(* Fix $d,k\in\mathbb N$ and let $A\in\mathbb R^{d^k\times d^k}$. Let $x=x_1\otimes\cdots\otimes x_k$, where $x_1,\dots,x_k\in\mathbb R^d$ are independent and each $x_i$ is either a Rademacher vector or a $\mathcal N(0,I_d)$ Gaussian vector. Then $$\operatorname{Var}[x^\top A x]\le\sum_{\mathcal S\subsetneq[k]}2^{k-|\mathcal S|}\,\big\|\operatorname{tr}_{\mathcal S}(A)\big\|_F^2 .$$ Furthermore, if all $x_i$ are $\mathcal N(0,I_d)$ and $A=\bar A$, then this is an equality, where $\bar A:=\frac1{2^k}\sum_{\mathcal V\subseteq[k]}A^{\Gamma_{\mathcal V}}$.
   Context: $\otimes$ is the standard Kronecker product; $[k]=\{1,\dots,k\}$. A Rademacher vector has iid entries uniform on $\{\pm1\}$. Partial trace: for $\mathcal S\subseteq[k]$, $\operatorname{tr}_{\mathcal S}:\mathbb R^{d^k\times d^k}\to\mathbb R^{d^{k-|\mathcal S|}\times d^{k-|\mathcal S|}}$ is the unique linear map with $\operatorname{tr}_{\mathcal S}(M_1\otimes\cdots\otimes M_k)=\big(\prod_{j\in\mathcal S}\operatorname{tr}(M_j)\big)\bigotimes_{j\notin\mathcal S}M_j$ for all $M_j\in\mathbb R^{d\times d}$. Partial transpose: for $\mathcal V\subseteq[k]$, $A\mapsto A^{\Gamma_{\mathcal V}}$ is the unique linear map with $(M_1\otimes\cdots\otimes M_k)^{\Gamma_{\mathcal V}}=N_1\otimes\cdots\otimes N_k$, $N_j=M_j^\top$ if $j\in\mathcal V$, $N_j=M_j$ otherwise. The sum ranges over all proper subsets $\mathcal S$ of $[k]$ (including $\emptyset$). *)

theory Defs
  imports "HOL-Probability.Probability"
begin

text \<open>Coordinates of \<open>\<real>^(d^k)\<close> are indexed by multi-indices
  \<open>i \<in> {1..k} \<rightarrow>\<^sub>E {..<d}\<close> (the Kronecker product corresponds to the
  lexicographic ordering of these multi-indices). A matrix in \<open>\<real>^(d^k \<times> d^k)\<close>
  is a function of two multi-indices; a matrix acting on the factors \<open>K \<subseteq> {1..k}\<close>
  is indexed by multi-indices in \<open>K \<rightarrow>\<^sub>E {..<d}\<close>.\<close>

type_synonym mindex = "nat \<Rightarrow> nat"
type_synonym tmat = "mindex \<Rightarrow> mindex \<Rightarrow> real"

definition midx :: "nat set \<Rightarrow> nat \<Rightarrow> mindex set" where
  "midx K d = K \<rightarrow>\<^sub>E {..<d}"

definition glue :: "nat set \<Rightarrow> mindex \<Rightarrow> mindex \<Rightarrow> mindex" where
  "glue S i t = (\<lambda>l. if l \<in> S then t l else i l)"

definition ptrace :: "nat \<Rightarrow> nat set \<Rightarrow> tmat \<Rightarrow> tmat" where
  "ptrace d S A = (\<lambda>i j. \<Sum>t\<in>midx S d. A (glue S i t) (glue S j t))"

definition ptransp :: "nat set \<Rightarrow> tmat \<Rightarrow> tmat" where
  "ptransp V A = (\<lambda>i j. A (glue V i j) (glue V j i))"

definition frob2 :: "nat set \<Rightarrow> nat \<Rightarrow> tmat \<Rightarrow> real" where
  "frob2 K d B = (\<Sum>i\<in>midx K d. \<Sum>j\<in>midx K d. (B i j)\<^sup>2)"

definition abar :: "nat \<Rightarrow> tmat \<Rightarrow> tmat" where
  "abar k A = (\<lambda>i j. (1 / 2 ^ k) * (\<Sum>V\<in>Pow {1..k}. ptransp V A i j))"

definition rademacher_rv :: "'a measure \<Rightarrow> ('a \<Rightarrow> real) \<Rightarrow> bool" where
  "rademacher_rv M Y \<longleftrightarrow> Y \<in> borel_measurable M \<and>
     (AE \<omega> in M. Y \<omega> = 1 \<or> Y \<omega> = -1) \<and>
     measure M {\<omega> \<in> space M. Y \<omega> = 1} = 1 / 2"

text \<open>Tensor product vector \<open>x = x_1 \<otimes> \<dots> \<otimes> x_k\<close>, where \<open>X l a\<close> is entry \<open>a\<close> of \<open>x_l\<close>.\<close>
definition tensvec :: "nat \<Rightarrow> (nat \<Rightarrow> nat \<Rightarrow> 'a \<Rightarrow> real) \<Rightarrow> 'a \<Rightarrow> mindex \<Rightarrow> real" where
  "tensvec k X \<omega> i = (\<Prod>l\<in>{1..k}. X l (i l) \<omega>)"

definition qform :: "nat \<Rightarrow> nat \<Rightarrow> tmat \<Rightarrow> (nat \<Rightarrow> nat \<Rightarrow> 'a \<Rightarrow> real) \<Rightarrow> 'a \<Rightarrow> real" where
  "qform d k A X \<omega> = (\<Sum>i\<in>midx {1..k} d. \<Sum>j\<in>midx {1..k} d.
      tensvec k X \<omega> i * A i j * tensvec k X \<omega> j)"

end

theory Submission
  imports Defs
begin

(*
  Expand E[(x^T A x)^2] coordinatewise. For one factor x_l, the fourth moment
  E[x_a x_b x_a' x_b'] is the sum of the three pairings (a = b, a' = b'), (a = a', b = b') and
  (a = b', b = a'), except that for a Rademacher factor the diagonal a = b = a' = b' is counted once
  instead of three times. Multiplying out over the k factors, with the first pairing chosen on S, the
  third on V and the second on the remaining factors, the term S = [k] is (E[x^T A x])^2 and the term
  (S, V) is a weighted Frobenius inner product of tr_S(A) with its partial transpose over V. By AM-GM,
  and because partial transposition preserves the Frobenius norm, each such term is at most
  ||tr_S(A)||_F^2, and there are 2^(k - |S|) choices of V. If every factor is Gaussian all weights are 1,
  and if A = Abar then tr_S(A) is invariant under every partial transpose, so each term is equal to
  ||tr_S(A)||_F^2.
*)

lemma prod_of_bool: "finite K \<Longrightarrow> (\<Prod>l\<in>K. of_bool (P l) :: real) = of_bool (\<forall>l\<in>K. P l)"
  by (induction K rule: finite_induct) auto
lemma symmetric_affine_in_B2:
  assumes "h \<in> B1" "f \<in> B2"
  shows "(\<lambda>x y. a * (h x + h y) + b * f x y + c) \<in> B2"
proof -
  have L: "lin_space2 B2" and "(\<lambda>x y. h x) \<in> B2" "(\<lambda>x y. h y) \<in> B2"
    using compatible assms(1) unfolding compatible_B2_def by blast+
  then have "(\<lambda>x y. h x + h y) \<in> B2"
    by (rule lin_space2_add)
  then have "(\<lambda>x y. a * (h x + h y) + b * f x y) \<in> B2"
    using lin_space2_add[OF L lin_space2_scale[OF L] lin_space2_scale[OF L assms(2)]] by simp
  then show ?thesis
    using lin_space2_add[OF L _ lin_space2_const[OF L]] by simp
qed

lemma sigma_proximity_phi_map:
  assumes "metric_on d" "d \<in> B2"
  shows "sigma_proximity \<mu> B2 m (phi_map \<mu> m d)"
proof -
  let ?D = "part_mean \<mu> d"
  have D: "?D \<in> B1"
    using part_mean_in_B1[OF assms(2)] .
  have "(\<lambda>x y. 1 * (?D x + ?D y) + (-1) * d x y + (m - full_mean \<mu> d)) \<in> B2"
    using symmetric_affine_in_B2[OF D assms(2)] .
  then have in_B2: "phi_map \<mu> m d \<in> B2"
    by (simp add: phi_map_eq)
  have "part_mean \<mu> (phi_map \<mu> m d) x = m" for x
  proof -
    have "part_mean \<mu> (phi_map \<mu> m d) x
        = \<mu> (\<lambda>y. 1 * ?D y + (-1) * d x y + (?D x - full_mean \<mu> d + m))"
      unfolding part_mean_def phi_map_def
      by (rule arg_cong[where f = \<mu>]) (simp add: fun_eq_iff algebra_simps)
    also have "\<dots> = \<mu> ?D - ?D x + (?D x - full_mean \<mu> d + m)"
      using mean_affine[OF D row_in_B1[OF assms(2)], of 1 "-1"] by (simp add: part_mean_def)
    finally show ?thesis
      by (simp add: full_mean_def)
  qed
  with in_B2 proximity_ineqs_of_metric[OF assms(1) phi_map_eq] show ?thesis
    unfolding sigma_proximity_def by blast
qed

lemma psi_map_in_B2:
  assumes "\<sigma> \<in> B2"
  shows "psi_map \<sigma> \<in> B2"
proof -
  have "(\<lambda>x y. (1/2) * (\<sigma> x x + \<sigma> y y) + (-1) * \<sigma> x y + 0) \<in> B2"
    using symmetric_affine_in_B2[OF diag_in_B1[OF assms] assms] .
  then show ?thesis
    unfolding psi_map_def by simp
qed

lemma phi_map_psi_map:
  assumes "\<sigma> \<in> B2" and rows: "\<And>x. part_mean \<mu> \<sigma> x = m"
  shows "phi_map \<mu> m (psi_map \<sigma>) = \<sigma>"
proof -
  let ?g = "\<lambda>x. \<sigma> x x"
  have g: "?g \<in> B1"
    using diag_in_B1[OF assms(1)] .
  have D: "part_mean \<mu> (psi_map \<sigma>) x = \<mu> ?g / 2 - m + \<sigma> x x / 2" for x
  proof -
    have "part_mean \<mu> (psi_map \<sigma>) x = \<mu> (\<lambda>y. (1/2) * ?g y + (-1) * \<sigma> x y + \<sigma> x x / 2)"
      unfolding part_mean_def psi_map_def
      by (rule arg_cong[where f = \<mu>]) (simp add: fun_eq_iff algebra_simps)
    also have "\<dots> = \<mu> ?g / 2 - m + \<sigma> x x / 2"
      using mean_affine[OF g row_in_B1[OF assms(1)], of "1/2" "-1"] rows[of x]
      by (simp add: part_mean_def)
    finally show ?thesis .
  qed
  have "full_mean \<mu> (psi_map \<sigma>) = \<mu> (\<lambda>x. (1/2) * ?g x + 0 * ?g x + (\<mu> ?g / 2 - m))"
    unfolding full_mean_def D
    by (rule arg_cong[where f = \<mu>]) (simp add: fun_eq_iff algebra_simps)
  also have "\<dots> = \<mu> ?g - m"
    using mean_affine[OF g g, of "1/2" 0] by simp
  finally have "full_mean \<mu> (psi_map \<sigma>) = \<mu> ?g - m" .
  then show ?thesis
    unfolding phi_map_def D by (simp add: fun_eq_iff psi_map_def field_simps)
qed

end

theorem theorem1:
  fixes B1 :: "('a \<Rightarrow> real) set" and \<mu> :: "('a \<Rightarrow> real) \<Rightarrow> real"
    and B2 :: "('a \<Rightarrow> 'a \<Rightarrow> real) set" and m :: real
  assumes "lin_space1 B1" and "mean_on B1 \<mu>" and "compatible_B2 B1 \<mu> B2"
  shows "bij_betw (phi_map \<mu> m) {d. metric_on d \<and> d \<in> B2} {\<sigma>. sigma_proximity \<mu> B2 m \<sigma>}
    \<and> (\<forall>\<sigma>. sigma_proximity \<mu> B2 m \<sigma> \<longrightarrow>
          psi_map \<sigma> \<in> {d. metric_on d \<and> d \<in> B2} \<and> phi_map \<mu> m (psi_map \<sigma>) = \<sigma>)
    \<and> (\<forall>d. metric_on d \<and> d \<in> B2 \<longrightarrow> psi_map (phi_map \<mu> m d) = d)"
proof -
  interpret mean_setting B1 \<mu> B2
    using assms by unfold_locales
  have phi: "sigma_proximity \<mu> B2 m (phi_map \<mu> m d) \<and> psi_map (phi_map \<mu> m d) = d"
    if "metric_on d" "d \<in> B2" for d
    using sigma_proximity_phi_map[OF that] psi_map_phi_map metric_on_diag_zero[OF that(1)]
    by metis
  have psi: "psi_map \<sigma> \<in> {d. metric_on d \<and> d \<in> B2} \<and> phi_map \<mu> m (psi_map \<sigma>) = \<sigma>"
    if "sigma_proximity \<mu> B2 m \<sigma>" for \<sigma>
  proof -
    have "\<sigma> \<in> B2" "\<And>x. part_mean \<mu> \<sigma> x = m"
      using that unfolding sigma_proximity_def by blast+
    then show ?thesis
      using metric_on_psi_map[OF that] psi_map_in_B2 phi_map_psi_map by blast
  qed
  have "bij_betw (phi_map \<mu> m) {d. metric_on d \<and> d \<in> B2} {\<sigma>. sigma_proximity \<mu> B2 m \<sigma>}"
    by (rule bij_betw_byWitness[where f' = psi_map]) (use phi psi in auto)
  with phi psi show ?thesis
    by blast
qed

end
(* Let $c,u,d>0$ be constants and let $s,\alpha>0$. Then there exist $S>0$ and smooth functions $f,g\colon[-s,S+s]\to\mathbb{R}$ such that: (i) for $t\in[-s,0]$, $f(t)=ut+c$ and $g(t)=-dt-c$; (ii) for $t\in[S,S+s]$, $f(t)=-d(t-S)+c$ and $g(t)=u(t-S)-c$; (iii) for all $t$, $|f'(t)|\le\max(u,d)$ and $|g'(t)|\le\max(u,d)$; (iv) the total curvatures of the holonomic curves $t\mapsto(f(t),f'(t),f''(t))$ and $t\mapsto(g(t),g'(t),g''(t))$ are each smaller than $\pi+\alpha$.
   Context: For a space curve with continuous unit tangent vector, its total curvature is the length on the unit sphere $\mathbb{S}^2$ of the curve traced by the unit tangent vector (Milnor's total curvature). *)

theory Defs
  imports "HOL-Analysis.Analysis"
begin

definition smooth_fun :: "(real \<Rightarrow> real) \<Rightarrow> bool" where
  "smooth_fun f \<longleftrightarrow> (\<forall>k x. ((deriv ^^ k) f) differentiable (at x))"

text \<open>Length of a curve on [a,b]: supremum of lengths of inscribed polygons (valued in ereal,
  so that non-rectifiable curves get length infinity).\<close>
definition curve_length :: "(real \<Rightarrow> 'a::metric_space) \<Rightarrow> real \<Rightarrow> real \<Rightarrow> ereal" where
  "curve_length \<gamma> a b =
     (SUP p \<in> {(n, t). t 0 = a \<and> t n = b \<and> (\<forall>i<n. t i \<le> t (Suc i))}.
        ereal (\<Sum>i<fst p. dist (\<gamma> (snd p i)) (\<gamma> (snd p (Suc i)))))"

definition regular_curve_on :: "(real \<Rightarrow> real^3) \<Rightarrow> real \<Rightarrow> real \<Rightarrow> bool" where
  "regular_curve_on \<gamma> a b \<longleftrightarrow>
     (\<forall>t\<in>{a..b}. \<gamma> differentiable (at t) \<and> vector_derivative \<gamma> (at t) \<noteq> 0)"

definition unit_tangent :: "(real \<Rightarrow> real^3) \<Rightarrow> real \<Rightarrow> real^3" where
  "unit_tangent \<gamma> t = vector_derivative \<gamma> (at t) /\<^sub>R norm (vector_derivative \<gamma> (at t))"

text \<open>Milnor total curvature: length on the unit sphere of the unit tangent indicatrix.\<close>
definition total_curvature :: "(real \<Rightarrow> real^3) \<Rightarrow> real \<Rightarrow> real \<Rightarrow> ereal" where
  "total_curvature \<gamma> a b = curve_length (unit_tangent \<gamma>) a b"

definition holonomic :: "(real \<Rightarrow> real) \<Rightarrow> real \<Rightarrow> real^3" where
  "holonomic f t = vector [f t, deriv f t, deriv (deriv f) t]"

end

theory Submission
  imports Defs "HOL-Computational_Algebra.Polynomial"
begin

(* The slope f' is t \<mapsto> P (e * t + k) for a fixed smooth profile P that equals u on the
   left, -d on the right, and -y near its only zero y = 0. The unit tangent of the holonomic
   curve (f, f', f'') is then the normalization of (P, e P', e\<^sup>2 P'') at y = e * t + k. Where
   P does not vanish it moves with speed O(e) in y, while near y = 0 it is the normalization
   of (-y, -e, 0), which runs through an arc of a great circle of angle less than pi. Hence a
   small e makes the total curvature less than pi + alpha. Finally f is the antiderivative of
   the slope through (0, c), S is where f returns to c, and g t = - f (S - t). *)

section \<open>Smooth functions\<close>

definition times_differentiable :: "nat \<Rightarrow> (real \<Rightarrow> real) \<Rightarrow> bool" where
  "times_differentiable n f \<longleftrightarrow> (\<forall>k<n. \<forall>x. ((deriv ^^ k) f) differentiable (at x))"

lemma smooth_fun_iff_times_differentiable: "smooth_fun f \<longleftrightarrow> (\<forall>n. times_differentiable n f)"
  unfolding smooth_fun_def times_differentiable_def by (meson lessI)

lemma times_differentiable_0 [simp]: "times_differentiable 0 f"
  by (simp add: times_differentiable_def)

lemma times_differentiable_Suc:
  "times_differentiable (Suc n) f \<longleftrightarrow> (\<forall>x. f differentiable (at x)) \<and> times_differentiable n (deriv f)"
proof -
  have "(deriv ^^ Suc k) f = (deriv ^^ k) (deriv f)" for k
    by (simp add: funpow_Suc_right del: funpow.simps)
  moreover have "(\<forall>k<Suc n. P k) \<longleftrightarrow> P 0 \<and> (\<forall>k<n. P (Suc k))" for P
    using less_Suc_eq_0_disj by auto
  ultimately show ?thesis unfolding times_differentiable_def by simp
qed

lemma times_differentiable_SucD: "times_differentiable (Suc n) f \<Longrightarrow> times_differentiable n f"
  by (simp add: times_differentiable_def)

lemma deriv_eqI: "(\<And>x. (f has_real_derivative g x) (at x)) \<Longrightarrow> deriv f = g"
  using DERIV_imp_deriv by blast

lemma times_differentiable_has_real_derivative:
  "times_differentiable (Suc n) f \<Longrightarrow> (f has_real_derivative deriv f x) (at x)"
  by (simp add: times_differentiable_Suc DERIV_deriv_iff_real_differentiable)

lemma has_real_derivative_affine_comp:
  assumes "(f has_real_derivative D) (at (a * x + b))"
  shows "((\<lambda>x. f (a * x + b)) has_real_derivative a * D) (at x)"
proof -
  have "((\<lambda>x. a * x + b) has_real_derivative a) (at x)"
    by (auto intro!: derivative_eq_intros)
  from DERIV_chain2[OF assms this] show ?thesis by (simp add: mult.commute)
qed

lemma times_differentiable_const: "times_differentiable n (\<lambda>x. c)"
proof (induction n arbitrary: c)
  case (Suc n)
  have "deriv (\<lambda>x. c) = (\<lambda>x. 0)" by (rule deriv_eqI) auto
  then show ?case using Suc by (simp add: times_differentiable_Suc)
qed simp

lemma times_differentiable_ident: "times_differentiable n (\<lambda>x. x)"
proof (cases n)
  case (Suc m)
  have "deriv (\<lambda>x::real. x) = (\<lambda>x. 1)" by (rule deriv_eqI) auto
  then show ?thesis using Suc by (simp add: times_differentiable_Suc times_differentiable_const)
qed simp

lemma times_differentiable_add:
  "times_differentiable n f \<Longrightarrow> times_differentiable n g \<Longrightarrow> times_differentiable n (\<lambda>x. f x + g x)"
proof (induction n arbitrary: f g)
  case (Suc n)
  have "deriv (\<lambda>x. f x + g x) = (\<lambda>x. deriv f x + deriv g x)"
    using Suc.prems by (intro deriv_eqI) (auto intro!: derivative_eq_intros times_differentiable_has_real_derivative)
  then show ?case using Suc by (auto simp: times_differentiable_Suc)
qed simp

lemma times_differentiable_mult:
  "times_differentiable n f \<Longrightarrow> times_differentiable n g \<Longrightarrow> times_differentiable n (\<lambda>x. f x * g x)"
proof (induction n arbitrary: f g)
  case (Suc n)
  note f = Suc.prems(1) and g = Suc.prems(2)
  have "deriv (\<lambda>x. f x * g x) = (\<lambda>x. deriv f x * g x + f x * deriv g x)"
    using f g by (intro deriv_eqI) (auto intro!: derivative_eq_intros times_differentiable_has_real_derivative)
  moreover have "times_differentiable n (\<lambda>x. deriv f x * g x + f x * deriv g x)"
    using f g times_differentiable_SucD[OF f] times_differentiable_SucD[OF g]
    by (intro times_differentiable_add Suc.IH) (auto simp: times_differentiable_Suc)
  ultimately show ?case using f g by (auto simp: times_differentiable_Suc)
qed simp

lemma times_differentiable_affine_comp:
  "times_differentiable n f \<Longrightarrow> times_differentiable n (\<lambda>x. f (a * x + b))"
proof (induction n arbitrary: f)
  case (Suc n)
  have D: "((\<lambda>x. f (a * x + b)) has_real_derivative a * deriv f (a * x + b)) (at x)" for x
    by (rule has_real_derivative_affine_comp[OF times_differentiable_has_real_derivative[OF Suc.prems]])
  then have "deriv (\<lambda>x. f (a * x + b)) = (\<lambda>x. a * deriv f (a * x + b))"
    by (rule deriv_eqI)
  moreover have "times_differentiable n (\<lambda>x. a * deriv f (a * x + b))"
    using Suc by (auto simp: times_differentiable_Suc intro!: times_differentiable_mult times_differentiable_const)
  ultimately show ?case
    using D by (auto simp: times_differentiable_Suc real_differentiable_def)
qed simp

lemma smooth_fun_const: "smooth_fun (\<lambda>x. c)"
  by (simp add: smooth_fun_iff_times_differentiable times_differentiable_const)

lemma smooth_fun_ident: "smooth_fun (\<lambda>x. x)"
  by (simp add: smooth_fun_iff_times_differentiable times_differentiable_ident)

lemma smooth_fun_add: "smooth_fun f \<Longrightarrow> smooth_fun g \<Longrightarrow> smooth_fun (\<lambda>x. f x + g x)"
  by (simp add: smooth_fun_iff_times_differentiable times_differentiable_add)

lemma smooth_fun_mult: "smooth_fun f \<Longrightarrow> smooth_fun g \<Longrightarrow> smooth_fun (\<lambda>x. f x * g x)"
  by (simp add: smooth_fun_iff_times_differentiable times_differentiable_mult)

lemma smooth_fun_cmult: "smooth_fun f \<Longrightarrow> smooth_fun (\<lambda>x. c * f x)"
  by (rule smooth_fun_mult[OF smooth_fun_const])

lemma smooth_fun_diff: "smooth_fun f \<Longrightarrow> smooth_fun g \<Longrightarrow> smooth_fun (\<lambda>x. f x - g x)"
  using smooth_fun_add[OF _ smooth_fun_cmult[of g "-1"], of f] by simp

lemma smooth_fun_affine_comp: "smooth_fun f \<Longrightarrow> smooth_fun (\<lambda>x. f (a * x + b))"
  by (simp add: smooth_fun_iff_times_differentiable times_differentiable_affine_comp)

lemma smooth_fun_deriv: "smooth_fun f \<Longrightarrow> smooth_fun (deriv f)"
  by (metis smooth_fun_iff_times_differentiable times_differentiable_Suc)

lemma smooth_fun_has_real_derivative: "smooth_fun f \<Longrightarrow> (f has_real_derivative deriv f x) (at x)"
  using times_differentiable_has_real_derivative smooth_fun_iff_times_differentiable by blast

lemma smooth_fun_continuous_on: "smooth_fun f \<Longrightarrow> continuous_on S f"
  by (meson DERIV_isCont continuous_at_imp_continuous_on smooth_fun_has_real_derivative)

lemma smooth_fun_antiderivative:
  assumes "\<And>x. (f has_real_derivative g x) (at x)" and "smooth_fun g"
  shows "smooth_fun f"
proof -
  have "deriv f = g" using assms(1) by (rule deriv_eqI)
  then have "times_differentiable (Suc n) f" for n
    using assms by (auto simp: times_differentiable_Suc smooth_fun_iff_times_differentiable real_differentiable_def)
  then show ?thesis unfolding smooth_fun_iff_times_differentiable using times_differentiable_SucD by blast
qed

ACTIVITY - Scan the entries above for the line containing "t = (\<lambda>l.", and copy it and all lines after it exactly, down to and including the line containing "tensvec k X \<omega> i *".

ANSWER TO THE EXERCISE -
  "glue S i t = (\<lambda>l. if l \<in> S then t l else i l)"

definition ptrace :: "nat \<Rightarrow> nat set \<Rightarrow> tmat \<Rightarrow> tmat" where
  "ptrace d S A = (\<lambda>i j. \<Sum>t\<in>midx S d. A (glue S i t) (glue S j t))"

definition ptransp :: "nat set \<Rightarrow> tmat \<Rightarrow> tmat" where
  "ptransp V A = (\<lambda>i j. A (glue V i j) (glue V j i))"

definition frob2 :: "nat set \<Rightarrow> nat \<Rightarrow> tmat \<Rightarrow> real" where
  "frob2 K d B = (\<Sum>i\<in>midx K d. \<Sum>j\<in>midx K d. (B i j)\<^sup>2)"

definition abar :: "nat \<Rightarrow> tmat \<Rightarrow> tmat" where
  "abar k A = (\<lambda>i j. (1 / 2 ^ k) * (\<Sum>V\<in>Pow {1..k}. ptransp V A i j))"

definition rademacher_rv :: "'a measure \<Rightarrow> ('a \<Rightarrow> real) \<Rightarrow> bool" where
  "rademacher_rv M Y \<longleftrightarrow> Y \<in> borel_measurable M \<and>
     (AE \<omega> in M. Y \<omega> = 1 \<or> Y \<omega> = -1) \<and>
     measure M {\<omega> \<in> space M. Y \<omega> = 1} = 1 / 2"

text \<open>Tensor product vector \<open>x = x_1 \<otimes> \<dots> \<otimes> x_k\<close>, where \<open>X l a\<close> is entry \<open>a\<close> of \<open>x_l\<close>.\<close>
definition tensvec :: "nat \<Rightarrow> (nat \<Rightarrow> nat \<Rightarrow> 'a \<Rightarrow> real) \<Rightarrow> 'a \<Rightarrow> mindex \<Rightarrow> real" where
  "tensvec k X \<omega> i = (\<Prod>l\<in>{1..k}. X l (i l) \<omega>)"

definition qform :: "nat \<Rightarrow> nat \<Rightarrow> tmat \<Rightarrow> (nat \<Rightarrow> nat \<Rightarrow> 'a \<Rightarrow> real) \<Rightarrow> 'a \<Rightarrow> real" where
  "qform d k A X \<omega> = (\<Sum>i\<in>midx {1..k} d. \<Sum>j\<in>midx {1..k} d.
      tensvec k X \<omega> i * A i j * tensvec k X \<omega> j)"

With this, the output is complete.